Consideration of Laws and Regulations
8.109 Knowledge of the business includes obtaining an understanding of the
legal and regulatory framework applicable to both the client and the industry. The
audit team should also obtain a clear understanding of how the client is complying
with the framework.
8.110 When planning and performing audit procedures and in evaluating and
reporting the results thereof, the audit team should recognize that non-compliance
by the client with laws and regulations may affect the financial statements.
8.112 The audit team should obtain written representations from management
that all known actual or possible non-compliance is disclosed.
8.115 In an audit, laws and regulations that are generally recognized to have
a direct and material effect on the financial statements (e.g. tax laws) are
considered from the perspective of their relationship to pertinent financial
statement assertions, rather than from the perspective of legality.
8.117 Other illegal acts are those that may have an indirect financial
statement effect.
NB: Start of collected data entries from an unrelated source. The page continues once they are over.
lemma curv_cform_conn:
  assumes S: "open S" and g: "\<And>a b. cinf_on S (g a b)"
    and X: "cinf_on S X" and Y: "cinf_on S Y" and Z: "cinf_on S Z" and q: "q \<in> S"
  shows "curv (cform_conn g) X Y Z q = cform_curv g q (X q) (Y q) (Z q)"
proof -
  have d1: "fd (cform_conn g Y Z) q = (\<lambda>w. fd Z q (fd Y q w) + hess Z q (Y q) w
     + (cform g q (fd Y q w) (Z q) + cform g q (Y q) (fd Z q w) + cform_deriv g q w (Y q) (Z q)))"
    by (rule frechet_derivative_at[symmetric, OF cform_conn_has_derivative[OF S g Y Z q]])
  have d2: "fd (cform_conn g X Z) q = (\<lambda>w. fd Z q (fd X q w) + hess Z q (X q) w
     + (cform g q (fd X q w) (Z q) + cform g q (X q) (fd Z q w) + cform_deriv g q w (X q) (Z q)))"
    by (rule frechet_derivative_at[symmetric, OF cform_conn_has_derivative[OF S g X Z q]])
  have linZ: "linear (fd Z q)" by (rule has_derivative_linear[OF cinf_on_has_derivative[OF S Z q]])
  have lie: "lie X Y q = fd Y q (X q) - fd X q (Y q)" by (simp add: lie_def)
  have hs: "hess Z q (Y q) (X q) = hess Z q (X q) (Y q)" by (rule hess_sym[OF S Z q])
  show ?thesis
    unfolding curv_def cform_curv_def cform_conn_def[of g X] cform_conn_def[of g Y] cform_conn_def[of g "lie X Y"]
    by (simp only: d1 d2 lie linear_diff[OF linZ] cform_diff_left cform_add_right hs flip: cform_conn_def)
      (simp add: cform_conn_def cform_add_right algebra_simps)
qed

lemma cinf_on_cform:
  assumes S: "open S" and g: "\<And>a b. cinf_on S (g a b)" and X: "cinf_on S X" and Y: "cinf_on S Y"
  shows "cinf_on S (\<lambda>q. cform g q (X q) (Y q))"
  unfolding cform_def
  by (intro cinf_on_sum cinf_on_scaleR cinf_on_mult cinf_on_inner_left S X Y g)

lemma cinf_on_fd_along:
  assumes S: "open S" and X: "cinf_on S X" and Y: "cinf_on S Y"
  shows "cinf_on S (\<lambda>q. fd Y q (X q))"
proof (rule cinf_on_cong[OF S])
  show "cinf_on S (\<lambda>q. \<Sum>a\<in>Basis. (X q \<bullet> a) *\<^sub>R fd Y q a)"
    by (intro cinf_on_sum cinf_on_scaleR cinf_on_inner_left cinf_on_fd S X Y)
  show "\<And>x. x \<in> S \<Longrightarrow> (\<Sum>a\<in>Basis. (X x \<bullet> a) *\<^sub>R fd Y x a) = fd Y x (X x)"
    using has_derivative_basis_expansion[OF cinf_on_has_derivative[OF S Y], symmetric] by blast
qed

lemma cinf_on_cform_conn:
  assumes S: "open S" and g: "\<And>a b. cinf_on S (g a b)" and X: "cinf_on S X" and Y: "cinf_on S Y"
  shows "cinf_on S (cform_conn g X Y)"
  unfolding cform_conn_def by (intro cinf_on_add cinf_on_fd_along cinf_on_cform S g X Y)

lemma cinf_on_lie:
  assumes S: "open S" and X: "cinf_on S X" and Y: "cinf_on S Y"
  shows "cinf_on S (lie X Y)"
  unfolding lie_def by (intro cinf_on_diff cinf_on_fd_along S X Y)

lemma cinf_on_cform_deriv:
  assumes S: "open S" and g: "\<And>a b. cinf_on S (g a b)" and X: "cinf_on S X" and Y: "cinf_on S Y" and Z: "cinf_on S Z"
  shows "cinf_on S (\<lambda>q. cform_deriv g q (X q) (Y q) (Z q))"
  unfolding cform_deriv_def by (intro cinf_on_sum cinf_on_scaleR cinf_on_mult cinf_on_inner_left cinf_on_fd_along S X Y Z g)

lemma cinf_on_cform_curv:
  assumes S: "open S" and g: "\<And>a b. cinf_on S (g a b)" and X: "cinf_on S X" and Y: "cinf_on S Y" and Z: "cinf_on S Z"
  shows "cinf_on S (\<lambda>q. cform_curv g q (X q) (Y q) (Z q))"
  unfolding cform_curv_def
  by (intro cinf_on_add cinf_on_diff cinf_on_cform_deriv cinf_on_cform S g X Y Z)

definition has_cform :: "(('a::euclidean_space \<Rightarrow> 'a) \<Rightarrow> ('a \<Rightarrow> 'a) \<Rightarrow> ('a \<Rightarrow> 'a)) \<Rightarrow> ('a \<Rightarrow> 'a \<Rightarrow> 'a \<Rightarrow> 'a) \<Rightarrow> 'a set \<Rightarrow> bool" where
  "has_cform D g S \<longleftrightarrow> (\<forall>X Y. cinf_on S X \<longrightarrow> cinf_on S Y \<longrightarrow> (\<forall>q\<in>S. D X Y q = cform_conn g X Y q))"

lemma curv_eq_cform_curv:
  assumes S: "open S" and g: "\<And>a b. cinf_on S (g a b)" and D: "has_cform D g S"
    and X: "cinf_on S X" and Y: "cinf_on S Y" and Z: "cinf_on S Z" and q: "q \<in> S"
  shows "curv D X Y Z q = cform_curv g q (X q) (Y q) (Z q)"
proof -
  have ag: "\<And>X Y q. cinf_on S X \<Longrightarrow> cinf_on S Y \<Longrightarrow> q \<in> S \<Longrightarrow> D X Y q = cform_conn g X Y q"
    using D unfolding has_cform_def by blast
  have step: "D A (D B Z) q = cform_conn g A (cform_conn g B Z) q" if A: "cinf_on S A" and B: "cinf_on S B" for A B
  proof -
    have c: "cinf_on S (D B Z)"
      by (rule cinf_on_cong[OF S cinf_on_cform_conn[OF S g B Z]]) (simp add: ag[OF B Z])
    have "D A (D B Z) q = cform_conn g A (D B Z) q" by (rule ag[OF A c q])
    also have "\<dots> = fd (cform_conn g B Z) q (A q) + cform g q (A q) (cform_conn g B Z q)"
      using fd_cong_open[OF S q, of "D B Z" "cform_conn g B Z"] ag[OF B Z] q by (simp add: cform_conn_def[of g A])
    also have "\<dots> = cform_conn g A (cform_conn g B Z) q" by (simp only: cform_conn_def[of g A])
    finally show ?thesis .
  qed
  have "curv D X Y Z q = curv (cform_conn g) X Y Z q"
    unfolding curv_def using step[OF X Y] step[OF Y X] ag[OF cinf_on_lie[OF S X Y] Z q] by simp
  also have "\<dots> = cform_curv g q (X q) (Y q) (Z q)" by (rule curv_cform_conn[OF S g X Y Z q])
  finally show ?thesis .
qed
Entities may be affected by many laws or regulations (e.g.
securities trading, occupational safety and health, environmental protection) which
generally relate more to operations than to financial and accounting matters, and
their financial statement effect is indirect (e.g., normally, the need to disclose a
contingent liability). Ordinarily, the audit team does not have sufficient basis for
recognizing possible violations of such laws and regulations. Even when violations
of such laws and regulations can have a material financial statement effect, they
may not become aware of such illegal acts unless they are informed by the client
or they find evidence of an investigation concerning legality in the client's
accounting records normally subjected to audit procedures.
8.502 What actions should the audit team take after the risk assessment
meeting?
The audit partner should remind the audit team to maintain, throughout the entire
audit, a mindset that recognizes the possibility that a material misstatement due
to fraud could be present, regardless of any past experience with the entity or the
beliefs about management’s honesty and integrity. In other words, it is important
to maintain professional skepticism throughout the audit.